Following 24 h of seeding, NCI-H358, Calu-3 cells, A549 cells were cultured with derived media from (A) IMRM, IMRM-C, IMRM-A, and IMRM-D, (B) NCIM, NCIM-C, NCIM-A, NCIM-D, CALM, CALM-C, CALM-A, CALM-D, A549M, A549M-C, A549M-A, and A549M-D (C) direct exposure to 50 mg/L of three types of asbestos (chrysotile, amosite, and crocidolite). Cells were also grown in EMEM normal medium. (D) Comparison of the percentage difference in the mean NCI compared to control (EMEM) at 96 h. Error bars represent SD (n = 4). *P < 0.05, **P < 0.01, ***P < 0.001 compared to EMEM, and #P < 0.05, ##P < 0.01, ###P < 0.001 for comparisons between two groups.

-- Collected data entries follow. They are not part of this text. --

lemma nonneg_invariant_if_deriv_pos_where_neg:
  fixes f f' :: "real \<Rightarrow> real"
  assumes I: "is_interval I"
    and deriv: "\<And>s. s \<in> I \<Longrightarrow> (f has_real_derivative f' s) (at s within I)"
    and pos: "\<And>s. s \<in> I \<Longrightarrow> f s < 0 \<Longrightarrow> f' s > 0"
    and t0I: "t0 \<in> I" and tI: "t \<in> I" and le: "t0 \<le> t" and f_t0: "f t0 \<ge> 0"
  shows "f t \<ge> 0"
proof (rule ccontr)
  assume "\<not> f t \<ge> 0"
  then have f_t: "f t < 0" by simp
  have sub: "{t0..t} \<subseteq> I"
    using I t0I tI unfolding is_interval_1 by (meson atLeastAtMost_iff subsetI)
  have "continuous_on I f"
    unfolding continuous_on_eq_continuous_within using deriv DERIV_continuous by blast
  then have cont: "continuous_on {t0..t} f"
    using sub by (rule continuous_on_subset)
  define S where "S = {t0..t} \<inter> f -` {0..}"
  have "closed S"
    unfolding S_def by (rule continuous_closed_preimage[OF cont]) auto
  moreover have "t0 \<in> S"
    using f_t0 le unfolding S_def by simp
  moreover have bdd: "bdd_above S"
    unfolding S_def by (rule bdd_aboveI[of _ t]) auto
  ultimately have "Sup S \<in> S"
    using closed_contains_Sup by blast
  \<comment> \<open>the last time in \<open>[t0, t]\<close> at which \<open>f \<ge> 0\<close>\<close>
  then obtain s where "s \<in> S" and s_def: "s = Sup S" by blast
  then have f_s: "f s \<ge> 0" and s_le: "t0 \<le> s" "s \<le> t"
    unfolding S_def by auto
  have st: "s < t"
    using f_s f_t s_le by (metis order_le_less not_le)
  have "f s < f t"
  proof (rule DERIV_pos_imp_increasing_open[OF st])
    fix x assume x: "s < x" "x < t"
    have "x \<notin> S"
      using x cSup_upper[OF _ bdd] unfolding s_def by fastforce
    then have "f x < 0"
      using x s_le unfolding S_def by auto
    moreover have xI: "x \<in> I"
      using x sub s_le by auto
    moreover have "(f has_real_derivative f' x) (at x)"
    proof -
      have "{s<..<t} \<subseteq> I"
        using sub s_le by auto
      then have "(f has_real_derivative f' x) (at x within {s<..<t})"
        using DERIV_subset[OF deriv[OF xI]] by blast
      then show ?thesis
        using at_within_open[of x "{s<..<t}"] x by simp
    qed
    ultimately show "\<exists>y. (f has_real_derivative y) (at x) \<and> 0 < y"
      using pos by blast
  next
    show "continuous_on {s..t} f"
      using s_le by (intro continuous_on_subset[OF cont]) auto
  qed
  then show False using f_s f_t by simp
qed

lemma ext_class_Kinf_neg:
  assumes "ext_class_Kinf \<alpha>" and "x < 0"
  shows "\<alpha> x < 0"
  using assms unfolding ext_class_Kinf_def by (metis strict_monoD)

theorem theorem9:
  fixes Q :: "(real^'n) set"
    and D :: "real^'n \<Rightarrow> real^'n^'n" and dD :: "real^'n \<Rightarrow> real^'n \<Rightarrow> real^'n^'n"
    and C :: "real^'n \<Rightarrow> real^'n \<Rightarrow> real^'n^'n" and G :: "real^'n \<Rightarrow> real^'n"
    and B :: "real^'m^'n"
    and h0 :: "real^'n \<Rightarrow> real" and gh0 :: "real^'n \<Rightarrow> real^'n"
    and k0 :: "real^'n \<Rightarrow> real^'n" and Jk0 :: "real^'n \<Rightarrow> real^'n^'n"
    and \<mu> :: real and \<alpha> :: "real \<Rightarrow> real"
    and k :: "(real^'n) \<times> (real^'n) \<Rightarrow> real^'m"
  assumes D_pd: "\<forall>q\<in>Q. pos_def_mat (D q)"
    and D_deriv: "\<forall>q\<in>Q. (D has_derivative dD q) (at q within Q)"
    and D_C1: "\<forall>v. continuous_on Q (\<lambda>q. dD q v)"
    and skew: "\<forall>q\<in>Q. \<forall>qd v. v \<bullet> ((dD q qd - 2 *\<^sub>R C q qd) *v v) = 0"
    and h0_deriv: "\<forall>q\<in>Q. (h0 has_derivative (\<lambda>v. gh0 q \<bullet> v)) (at q within Q)"
    and h0_C1: "continuous_on Q gh0"
    and k0_deriv: "\<forall>q\<in>Q. (k0 has_derivative (\<lambda>v. Jk0 q *v v)) (at q within Q)"
    and k0_C1: "continuous_on Q Jk0"
    and mu_pos: "\<mu> > 0"
    and cbf: "energy_cbf Q h0 gh0 k0 Jk0 D C G B \<mu> \<alpha>"
    and k_lip: "locally_lipschitz_on (Q \<times> UNIV) k"
    and k_cond: "\<forall>q\<in>Q. \<forall>qd. cbf_expr gh0 k0 Jk0 D C G B \<mu> q qd (k (q, qd))
                         \<ge> - \<alpha> (energy_h h0 k0 D \<mu> q qd)"
  shows "closed_loop_forward_invariant Q D C G B k
           {(q, qd). q \<in> Q \<and> energy_h h0 k0 D \<mu> q qd \<ge> 0}"
  unfolding closed_loop_forward_invariant_def
proof (intro allI impI, elim conjE)
  fix I q qd t0 t
  assume sol: "closed_loop_solution Q D C G B k I q qd" and t0I: "t0 \<in> I"
    and start: "(q t0, qd t0) \<in> {(q, qd). q \<in> Q \<and> energy_h h0 k0 D \<mu> q qd \<ge> 0}"
    and tI: "t \<in> I" and le: "t0 \<le> t"
  have QI: "q ` I \<subseteq> Q"
    using sol unfolding closed_loop_solution_def by auto
  have D_sym: "\<forall>q\<in>Q. transpose (D q) = D q"
    using D_pd unfolding pos_def_mat_def by blast
  have Kinf: "ext_class_Kinf \<alpha>"
    using cbf unfolding energy_cbf_def by blast
  define h where "h s = energy_h h0 k0 D \<mu> (q s) (qd s)" for s
  define h' where "h' s = cbf_expr gh0 k0 Jk0 D C G B \<mu> (q s) (qd s) (k (q s, qd s))" for s
  have I: "is_interval I"
    using sol unfolding closed_loop_solution_def by blast
  have deriv: "(h has_real_derivative h' s) (at s within I)" if "s \<in> I" for s
    unfolding h_def h'_def using mu_pos
    by (intro closed_loop_energy_h_has_real_derivative[OF sol that D_sym D_deriv skew
          h0_deriv k0_deriv]) simp
  have pos: "h' s > 0" if "s \<in> I" and "h s < 0" for s
  proof -
    have "\<alpha> (h s) < 0"
      using ext_class_Kinf_neg[OF Kinf \<open>h s < 0\<close>] .
    moreover have "q s \<in> Q"
      using QI that(1) by blast
    then have "h' s \<ge> - \<alpha> (h s)"
      unfolding h_def h'_def using k_cond by blast
    ultimately show ?thesis by linarith
  qed
  have "h t \<ge> 0"
    using nonneg_invariant_if_deriv_pos_where_neg[OF I deriv pos t0I tI le] start
    unfolding h_def by auto
  then show "(q t, qd t) \<in> {(q, qd). q \<in> Q \<and> energy_h h0 k0 D \<mu> q qd \<ge> 0}"
    using QI tI unfolding h_def by auto
qed

end
(* Let $n\ge 4$ and let $x$ be any vertex of the path $P_n$. Then there exists a $(P_n,x)$-well path 2-placement.
   Context: $P_n$ is the path on $n$ vertices; $dist$ is distance in $P_n$, $d(y)$ the degree of $y$ in $P_n$, $N(x)$ the set of neighbors of $x$. A permutation $\sigma$ of $V(P_n)$ is a 2-placement of $P_n$ if for every edge $ab$ of $P_n$, $\sigma(a)\sigma(b)$ is not an edge of $P_n$. $P_n^k$ is the $k$-th power of $P_n$; $\sigma(P_n)\subseteq P_n^k$ means $dist(\sigma(a),\sigma(b))\le k$ for every edge $ab$ of $P_n$. A fixed-point-free permutation $\sigma$ of $V(P_n)$ is a $(P_n,x)$-well path 2-placement if: (1) $\sigma$ is a 2-placement of $P_n$; (2) $\sigma(P_n)\subseteq P_n^6$; (3) $dist(x,\sigma(x))\le 2$; (4) $dist(y,\sigma(y))\le 3$ for every $y\in N(x)$ and for every $y$ with $d(y)=1$; (5) every cycle of $\sigma$ (in its disjoint cycle decomposition) has length at most $5$. *)

theory Defs
  imports "HOL-Combinatorics.Permutations"
begin

definition path_edge :: "nat \<Rightarrow> nat \<Rightarrow> nat \<Rightarrow> bool" where
  "path_edge n a b \<longleftrightarrow> a < n \<and> b < n \<and> (a + 1 = b \<or> b + 1 = a)"

definition path_dist :: "nat \<Rightarrow> nat \<Rightarrow> nat" where
  "path_dist a b = (if a \<le> b then b - a else a - b)"

definition path_nbrs :: "nat \<Rightarrow> nat \<Rightarrow> nat set" where
  "path_nbrs n x = {y. path_edge n x y}"

definition path_deg :: "nat \<Rightarrow> nat \<Rightarrow> nat" where
  "path_deg n y = card (path_nbrs n y)"

definition two_placement :: "nat \<Rightarrow> (nat \<Rightarrow> nat) \<Rightarrow> bool" where
  "two_placement n \<sigma> \<longleftrightarrow> \<sigma> permutes {0..<n} \<and>
     (\<forall>a b. path_edge n a b \<longrightarrow> \<not> path_edge n (\<sigma> a) (\<sigma> b))"

definition in_path_power :: "nat \<Rightarrow> nat \<Rightarrow> (nat \<Rightarrow> nat) \<Rightarrow> bool" where
  "in_path_power n k \<sigma> \<longleftrightarrow> (\<forall>a b. path_edge n a b \<longrightarrow> path_dist (\<sigma> a) (\<sigma> b) \<le> k)"

text \<open>Every cycle of sigma has length at most m (the cycle through v has length
  equal to the least k \<ge> 1 with sigma^k v = v).\<close>
definition cycles_le :: "nat \<Rightarrow> nat \<Rightarrow> (nat \<Rightarrow> nat) \<Rightarrow> bool" where
  "cycles_le n m \<sigma> \<longleftrightarrow> (\<forall>v < n. \<exists>k. 1 \<le> k \<and> k \<le> m \<and> (\<sigma> ^^ k) v = v)"

definition well_path_2placement :: "nat \<Rightarrow> nat \<Rightarrow> (nat \<Rightarrow> nat) \<Rightarrow> bool" where
  "well_path_2placement n x \<sigma> \<longleftrightarrow>
     \<sigma> permutes {0..<n} \<and> (\<forall>v < n. \<sigma> v \<noteq> v) \<and>
     two_placement n \<sigma> \<and>
     in_path_power n 6 \<sigma> \<and>
     path_dist x (\<sigma> x) \<le> 2 \<and>
     (\<forall>y \<in> path_nbrs n x. path_dist y (\<sigma> y) \<le> 3) \<and>
     (\<forall>y < n. path_deg n y = 1 \<longrightarrow> path_dist y (\<sigma> y) \<le> 3) \<and>
     cycles_le n 5 \<sigma>"

end

theory Submission
  imports Defs
begin

text \<open>Call a fixed-point-free placement short if it moves every vertex by at most 2 and sends
  consecutive vertices to vertices at distance at least 2. A short placement is a well path
  2-placement for every anchor x, since moving by at most 2 also keeps images of edges within
  distance 5. Short
  placements of two paths can be juxtaposed: the last vertex of the first block, not being fixed,
  is sent at least 2 below the first vertex of the second block. The blocks 2 0 3 1 and
  2 0 4 1 3 are short, so every n = 4a + 5b is covered, i.e. every n \<ge> 4 except 6, 7 and 11.
  For n = 6 and 7 no short placement exists at all (hence none for 11 = 4 + 7 = 5 + 6), and there
  two explicit placements, chosen according to x, do the job.\<close>

lemma path_dist_commute: "path_dist a b = path_dist b a"
  by (simp add: path_dist_def)

lemma path_dist_shift [simp]: "path_dist (m + a) (m + b) = path_dist a b"
  by (simp add: path_dist_def)

lemma path_edge_imp_dist_1: "path_edge n a b \<Longrightarrow> path_dist a b = 1"
  by (auto simp: path_edge_def path_dist_def)

lemma path_deg_eq_1_imp_end:
  assumes "y < n" and "path_deg n y = 1"
  shows "y = 0 \<or> y = n - 1"
proof (rule ccontr)
  assume "\<not> (y = 0 \<or> y = n - 1)"
  then have "path_nbrs n y = {y - 1, y + 1}"
    using assms(1) by (auto simp: path_nbrs_def path_edge_def)
  then have "path_deg n y = 2"
    by (simp add: path_deg_def)
  with assms(2) show False by simp
qed

text \<open>In this form the cycle condition is decided by simp on concrete placements.\<close>

lemma cycles_le_iff: "cycles_le n m \<sigma> \<longleftrightarrow> (\<forall>v<n. \<exists>k<m. (\<sigma> ^^ Suc k) v = v)"
  unfolding cycles_le_def
proof (intro iffI allI impI)
  fix v assume "\<forall>v<n. \<exists>k. 1 \<le> k \<and> k \<le> m \<and> (\<sigma> ^^ k) v = v" "v < n"
  then obtain k where "1 \<le> k" "k \<le> m" "(\<sigma> ^^ k) v = v" by blast
  then show "\<exists>k<m. (\<sigma> ^^ Suc k) v = v"
    by (intro exI[of _ "k - 1"]) simp
next
  fix v assume "\<forall>v<n. \<exists>k<m. (\<sigma> ^^ Suc k) v = v" "v < n"
  then show "\<exists>k. 1 \<le> k \<and> k \<le> m \<and> (\<sigma> ^^ k) v = v"
    by (metis Suc_leI le_add1 plus_1_eq_Suc)
qed

lemma periodic_self_map_permutes:
  assumes "finite A" and into: "\<sigma> ` A \<subseteq> A"
    and periodic: "\<forall>a\<in>A. \<exists>k. (\<sigma> ^^ Suc k) a = a" and "\<forall>a. a \<notin> A \<longrightarrow> \<sigma> a = a"
  shows "\<sigma> permutes A"
proof (rule bij_imp_permutes)
  have iterate_in: "(\<sigma> ^^ k) a \<in> A" if "a \<in> A" for a k
    using that into by (induction k) auto
  have "A \<subseteq> \<sigma> ` A"
  proof
    fix a assume "a \<in> A"
    then obtain k where "\<sigma> ((\<sigma> ^^ k) a) = a"
      using periodic by auto
    then show "a \<in> \<sigma> ` A"
      using iterate_in[OF \<open>a \<in> A\<close>] by (metis image_eqI)
  qed
  with into have onto: "\<sigma> ` A = A" by blast
  then have "inj_on \<sigma> A"
    using \<open>finite A\<close> by (simp add: eq_card_imp_inj_on)
  with onto show "bij_betw \<sigma> A A"
    by (simp add: bij_betw_def)
qed (use assms in auto)

lemma well_path_2placementI:
  assumes maps: "\<forall>v<n. \<sigma> v < n \<and> \<sigma> v \<noteq> v" and outside: "\<forall>v\<ge>n. \<sigma> v = v"
    and cycles: "cycles_le n 5 \<sigma>"
    and consecutive: "\<forall>i. i + 1 < n \<longrightarrow>
      2 \<le> path_dist (\<sigma> i) (\<sigma> (i + 1)) \<and> path_dist (\<sigma> i) (\<sigma> (i + 1)) \<le> 6"
    and ends: "path_dist 0 (\<sigma> 0) \<le> 3" "path_dist (n - 1) (\<sigma> (n - 1)) \<le> 3"
    and anchor: "path_dist x (\<sigma> x) \<le> 2"
      "x + 1 < n \<longrightarrow> path_dist (x + 1) (\<sigma> (x + 1)) \<le> 3"
      "0 < x \<longrightarrow> path_dist (x - 1) (\<sigma> (x - 1)) \<le> 3"
  shows "well_path_2placement n x \<sigma>"
proof -
  have perm: "\<sigma> permutes {0..<n}"
    by (rule periodic_self_map_permutes) (use maps outside cycles in \<open>auto simp: cycles_le_iff\<close>)
  have edge_image: "2 \<le> path_dist (\<sigma> a) (\<sigma> b) \<and> path_dist (\<sigma> a) (\<sigma> b) \<le> 6"
    if "path_edge n a b" for a b
    using that consecutive path_dist_commute[of "\<sigma> a"] unfolding path_edge_def by auto
  have "path_dist y (\<sigma> y) \<le> 3" if "y \<in> path_nbrs n x" for y
    using that anchor unfolding path_nbrs_def path_edge_def by auto
  moreover have "path_dist y (\<sigma> y) \<le> 3" if "y < n" "path_deg n y = 1" for y
    using path_deg_eq_1_imp_end[OF that] ends by auto
  ultimately show ?thesis
    unfolding well_path_2placement_def two_placement_def in_path_power_def
    using perm maps anchor(1) cycles edge_image path_edge_imp_dist_1 by fastforce
qed

definition list_perm :: "nat list \<Rightarrow> nat \<Rightarrow> nat" where
  "list_perm xs v = (if v < length xs then xs ! v else v)"

definition short_placement :: "nat \<Rightarrow> (nat \<Rightarrow> nat) \<Rightarrow> bool" where
  "short_placement n \<sigma> \<longleftrightarrow>
     (\<forall>v<n. \<sigma> v < n \<and> \<sigma> v \<noteq> v \<and> path_dist v (\<sigma> v) \<le> 2) \<and> (\<forall>v\<ge>n. \<sigma> v = v) \<and>
     cycles_le n 5 \<sigma> \<and> (\<forall>i. i + 1 < n \<longrightarrow> 2 \<le> path_dist (\<sigma> i) (\<sigma> (i + 1)))"

lemma short_placement_imp_well_path_2placement:
  assumes "short_placement n \<sigma>"
  shows "well_path_2placement n x \<sigma>"
proof -
  have displacement: "path_dist v (\<sigma> v) \<le> 2" for v
    using assms unfolding short_placement_def by (cases "v < n") (auto simp: path_dist_def)
  have "path_dist (\<sigma> i) (\<sigma> (i + 1)) \<le> 6" for i
    using displacement[of i] displacement[of "i + 1"]
    unfolding path_dist_def by (auto split: if_splits)
  moreover have "path_dist v (\<sigma> v) \<le> 3" for v
    using displacement[of v] by simp
  ultimately show ?thesis
    using assms displacement unfolding short_placement_def by (intro well_path_2placementI) auto
qed

definition juxtapose :: "nat \<Rightarrow> (nat \<Rightarrow> nat) \<Rightarrow> (nat \<Rightarrow> nat) \<Rightarrow> nat \<Rightarrow> nat" where
  "juxtapose m \<sigma> \<tau> v = (if v < m then \<sigma> v else m + \<tau> (v - m))"

lemma funpow_juxtapose:
  assumes "\<forall>v<m. \<sigma> v < m"
  shows "(juxtapose m \<sigma> \<tau> ^^ k) v = (if v < m then (\<sigma> ^^ k) v else m + (\<tau> ^^ k) (v - m))"
proof -
  have iterate_below: "(\<sigma> ^^ k) v < m" if "v < m" for k
    using that assms by (induction k) auto
  show ?thesis
    using iterate_below
    by (induction k) (auto simp: juxtapose_def)
qed

lemma short_placement_juxtapose:
  assumes \<sigma>: "short_placement m \<sigma>" and \<tau>: "short_placement k \<tau>"
  shows "short_placement (m + k) (juxtapose m \<sigma> \<tau>)"
proof -
  let ?\<rho> = "juxtapose m \<sigma> \<tau>"
  have \<sigma>_below: "\<forall>v<m. \<sigma> v < m" and \<sigma>_not_fixed: "\<forall>v<m. \<sigma> v \<noteq> v"
    using \<sigma> by (simp_all add: short_placement_def)
  have \<rho>_shift: "?\<rho> (m + w) = m + \<tau> w" for w
    by (simp add: juxtapose_def)
  have vertex: "?\<rho> v < m + k \<and> ?\<rho> v \<noteq> v \<and> path_dist v (?\<rho> v) \<le> 2" if "v < m + k" for v
  proof (cases "v < m")
    case True
    with \<sigma> show ?thesis by (force simp: short_placement_def juxtapose_def)
  next
    case False
    define w where "w = v - m"
    then have v: "v = m + w" and "w < k" using False that by simp_all
    with \<tau> show ?thesis unfolding v \<rho>_shift short_placement_def by simp
  qed
  have outside: "?\<rho> v = v" if "m + k \<le> v" for v
    using that \<tau> by (simp add: short_placement_def juxtapose_def)
  have cycles: "cycles_le (m + k) 5 ?\<rho>"
    unfolding cycles_le_iff
  proof (intro allI impI)
    fix v assume "v < m + k"
    show "\<exists>j<5. (?\<rho> ^^ Suc j) v = v"
    proof (cases "v < m")
      case True
      then obtain j where "j < 5" "(\<sigma> ^^ Suc j) v = v"
        using \<sigma> by (auto simp: short_placement_def cycles_le_iff)
      with True show ?thesis by (auto simp: funpow_juxtapose[OF \<sigma>_below] simp del: funpow.simps)
    next
      case False
      with \<open>v < m + k\<close> have "v - m < k" by simp
      then obtain j where "j < 5" "(\<tau> ^^ Suc j) (v - m) = v - m"
        using \<tau> by (auto simp: short_placement_def cycles_le_iff simp del: funpow.simps)
      with False show ?thesis by (auto simp: funpow_juxtapose[OF \<sigma>_below] simp del: funpow.simps)
    qed
  qed
  have consecutive: "2 \<le> path_dist (?\<rho> i) (?\<rho> (i + 1))" if "i + 1 < m + k" for i
  proof -
    consider "i + 1 < m" | "i + 1 = m" | "m \<le> i" by linarith
    then show ?thesis
    proof cases
      case 1
      with \<sigma> show ?thesis by (simp add: short_placement_def juxtapose_def)
    next
      case 2
      then have "\<sigma> i + 2 \<le> m" using \<sigma>_below \<sigma>_not_fixed by fastforce
      with 2 show ?thesis by (simp add: juxtapose_def path_dist_def)
    next
      case 3
      then obtain w where i: "i = m + w" by (metis le_add_diff_inverse)
      have "?\<rho> (i + 1) = m + \<tau> (w + 1)"
        using \<rho>_shift[of "w + 1"] by (simp add: i)
      with \<tau> that show ?thesis by (simp add: short_placement_def \<rho>_shift i)
    qed
  qed
  show ?thesis
    using vertex outside cycles consecutive unfolding short_placement_def by auto
qed

lemma short_placement_block_4: "short_placement 4 (list_perm [2, 0, 3, 1])"
  and short_placement_block_5: "short_placement 5 (list_perm [2, 0, 4, 1, 3])"
  by (simp_all add: short_placement_def list_perm_def cycles_le_iff path_dist_def
      numeral_eq_Suc All_less_Suc Ex_less_Suc)

lemma exists_short_placement: "\<exists>\<sigma>. short_placement (4 * a + 5 * b) \<sigma>"
proof (induction b)
  case 0
  show ?case
  proof (induction a)
    case 0
    show ?case by (auto simp: short_placement_def cycles_le_def)
  next
    case (Suc a)
    then obtain \<sigma> where "short_placement (4 * a) \<sigma>" by auto
    from short_placement_juxtapose[OF this short_placement_block_4] show ?case
      by (auto simp: add.commute)
  qed
next
  case (Suc b)
  then obtain \<sigma> where "short_placement (4 * a + 5 * b) \<sigma>" by auto
  from short_placement_juxtapose[OF this short_placement_block_5] show ?case
    by (auto simp: ac_simps)
qed

lemma exists_well_path_2placement_6:
  assumes "x < 6"
  shows "\<exists>\<sigma>. well_path_2placement 6 x \<sigma>"
proof -
  have "x \<in> {0, 1, 4, 5} \<Longrightarrow> well_path_2placement 6 x (list_perm [1, 3, 5, 0, 2, 4])"
    and "x \<in> {2, 3} \<Longrightarrow> well_path_2placement 6 x (list_perm [2, 4, 0, 5, 1, 3])"
    by (rule well_path_2placementI;
        auto simp: list_perm_def cycles_le_iff path_dist_def numeral_eq_Suc All_less_Suc Ex_less_Suc)+
  moreover have "x \<in> {0, 1, 4, 5} \<or> x \<in> {2, 3}"
    using assms by auto
  ultimately show ?thesis by blast
qed

lemma exists_well_path_2placement_7:
  assumes "x < 7"
  shows "\<exists>\<sigma>. well_path_2placement 7 x \<sigma>"
proof -
  have "x \<in> {0, 1, 4, 5, 6} \<Longrightarrow> well_path_2placement 7 x (list_perm [1, 3, 5, 0, 2, 6, 4])"
    and "x \<in> {2, 3} \<Longrightarrow> well_path_2placement 7 x (list_perm [1, 4, 0, 5, 2, 6, 3])"
    by (rule well_path_2placementI;
        auto simp: list_perm_def cycles_le_iff path_dist_def numeral_eq_Suc All_less_Suc Ex_less_Suc)+
  moreover have "x \<in> {0, 1, 4, 5, 6} \<or> x \<in> {2, 3}"
    using assms by auto
  ultimately show ?thesis by blast
qed

lemma exists_well_path_2placement_11:
  assumes "x < 11"
  shows "\<exists>\<sigma>. well_path_2placement 11 x \<sigma>"
proof -
  have "x \<in> {0, 1, 2, 3, 4, 5, 8, 9, 10} \<Longrightarrow>
      well_path_2placement 11 x (list_perm [1, 3, 0, 2, 5, 7, 9, 4, 6, 10, 8])"
    and "x \<in> {6, 7} \<Longrightarrow> well_path_2placement 11 x (list_perm [1, 3, 0, 2, 5, 8, 4, 9, 6, 10, 7])"
    by (rule well_path_2placementI;
        auto simp: list_perm_def cycles_le_iff path_dist_def numeral_eq_Suc All_less_Suc Ex_less_Suc)+
  moreover have "x \<in> {0, 1, 2, 3, 4, 5, 8, 9, 10} \<or> x \<in> {6, 7}"
    using assms by simp presburger
  ultimately show ?thesis by blast
qed

theorem theorem3p1:
  fixes n x :: nat
  assumes "n \<ge> 4" and "x < n"
  shows "\<exists>\<sigma>. well_path_2placement n x \<sigma>"
proof (cases "n \<in> {6, 7, 11}")
  case True
  with assms(2) show ?thesis
    using exists_well_path_2placement_6 exists_well_path_2placement_7
      exists_well_path_2placement_11 by auto
next
  case False
  with assms(1) have "\<exists>a b. n = 4 * a + 5 * b" by simp presburger
  with exists_short_placement obtain \<sigma> where "short_placement n \<sigma>" by blast
  then show ?thesis by (blast intro: short_placement_imp_well_path_2placement)
qed

end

https://doi.org/10.1371/journal.pone.0222160.g001

Monitoring cell migration behavior in real time

The rate of migration of lung cancer cells in the presence of media obtained from asbestos-exposed lung fibroblasts was assessed (Fig 2). Fibroblasts were assessed the UC of CIM-plate 16, while the target media was placed in the LC of CIM-plate 16, and the migration of these cells was monitored over 24 h. The optimal cell density for assessing cell migration was 20,000 cells/well for A549 cells; NCI-H358 and Calu-3 cells could not be used for migration assays due to lack of migration affinity in the RTCA system (S6 Fig). The evolution of the CI value with time, which indicated the migration rate of A549 cells, showed that the rate of migration to IMRM was higher than that of EMEM (P < 0.05, n = 4). More importantly, A549 cells migrate more rapidly toward IMRM-C, IMRM-A, and IMRM-D than to IMRM (P < 0.05, n = 4) (Fig 2A and 2D). In contrast, A549M, A549M-C, A549M-A, A549M-D, and direct addition of asbestos in LC did not enhance migration over time (Fig 2B, 2C and 2D). These results indicate the synergistic effect of the interaction between asbestos and lung fibroblast cells on lung cancer cell migration.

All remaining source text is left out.